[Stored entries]

※ ※ ※

lemma Re_sum_mult_cnj_reflect_le:
  fixes x :: "nat \<Rightarrow> complex"
  shows "Re (\<Sum>m\<in>{1..<d}. x m * cnj (x (d - m))) \<le> (\<Sum>m<d. cmod (x m) ^ 2)"
proof -
  have "Re (\<Sum>m\<in>{1..<d}. x m * cnj (x (d - m))) \<le> (\<Sum>m\<in>{1..<d}. (cmod (x m) ^ 2 + cmod (x (d - m)) ^ 2) / 2)"
    unfolding Re_sum
  proof (rule sum_mono)
    fix m
    have "Re (x m * cnj (x (d - m))) \<le> cmod (x m) * cmod (x (d - m))"
      by (metis complex_Re_le_cmod complex_mod_cnj norm_mult)
    also have "\<dots> \<le> (cmod (x m) ^ 2 + cmod (x (d - m)) ^ 2) / 2"
      using sum_squares_bound[of "cmod (x m)" "cmod (x (d - m))"] by (simp add: power2_eq_square)
    finally show "Re (x m * cnj (x (d - m))) \<le> (cmod (x m) ^ 2 + cmod (x (d - m)) ^ 2) / 2" .
  qed
  also have "\<dots> = (\<Sum>m\<in>{1..<d}. cmod (x m) ^ 2)"
    unfolding sum_divide_distrib[symmetric] sum.distrib sum_reflect_atLeastLessThan[of "\<lambda>m. cmod (x m) ^ 2"]
    by simp
  also have "\<dots> \<le> (\<Sum>m<d. cmod (x m) ^ 2)" by (rule sum_mono2) auto
  finally show ?thesis .
qed

lemma sum_norm_chirp_sq_le:
  fixes x :: "nat \<Rightarrow> complex"
  assumes "prime d" "odd d"
  shows "(\<Sum>j<d. cmod (\<Sum>m<d. omega_pow d (int j * int m ^ 2) * x m) ^ 2) \<le> 2 * real d * (\<Sum>m<d. cmod (x m) ^ 2)"
  using mult_left_mono[OF Re_sum_mult_cnj_reflect_le[of x d], of "real d"]
  unfolding sum_norm_chirp_sq_eq[OF assms] by (simp add: algebra_simps)

section \<open>The operator norm of \<open>A\<close>\<close>

definition block_sum :: "nat \<Rightarrow> nat \<Rightarrow> nat \<Rightarrow> complex" where
  "block_sum d j m = (\<Sum>k<d. phi d j k m)"

definition gram_vec :: "nat \<Rightarrow> nat \<Rightarrow> nat \<Rightarrow> nat \<Rightarrow> nat \<Rightarrow> complex" where
  "gram_vec d j k l m = phi d j k l * cnj (block_sum d j m)"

※ ※ ※

=== About this task ===
Your answer must be one number: how many lines of the data contain "also".

=== Task response ===
3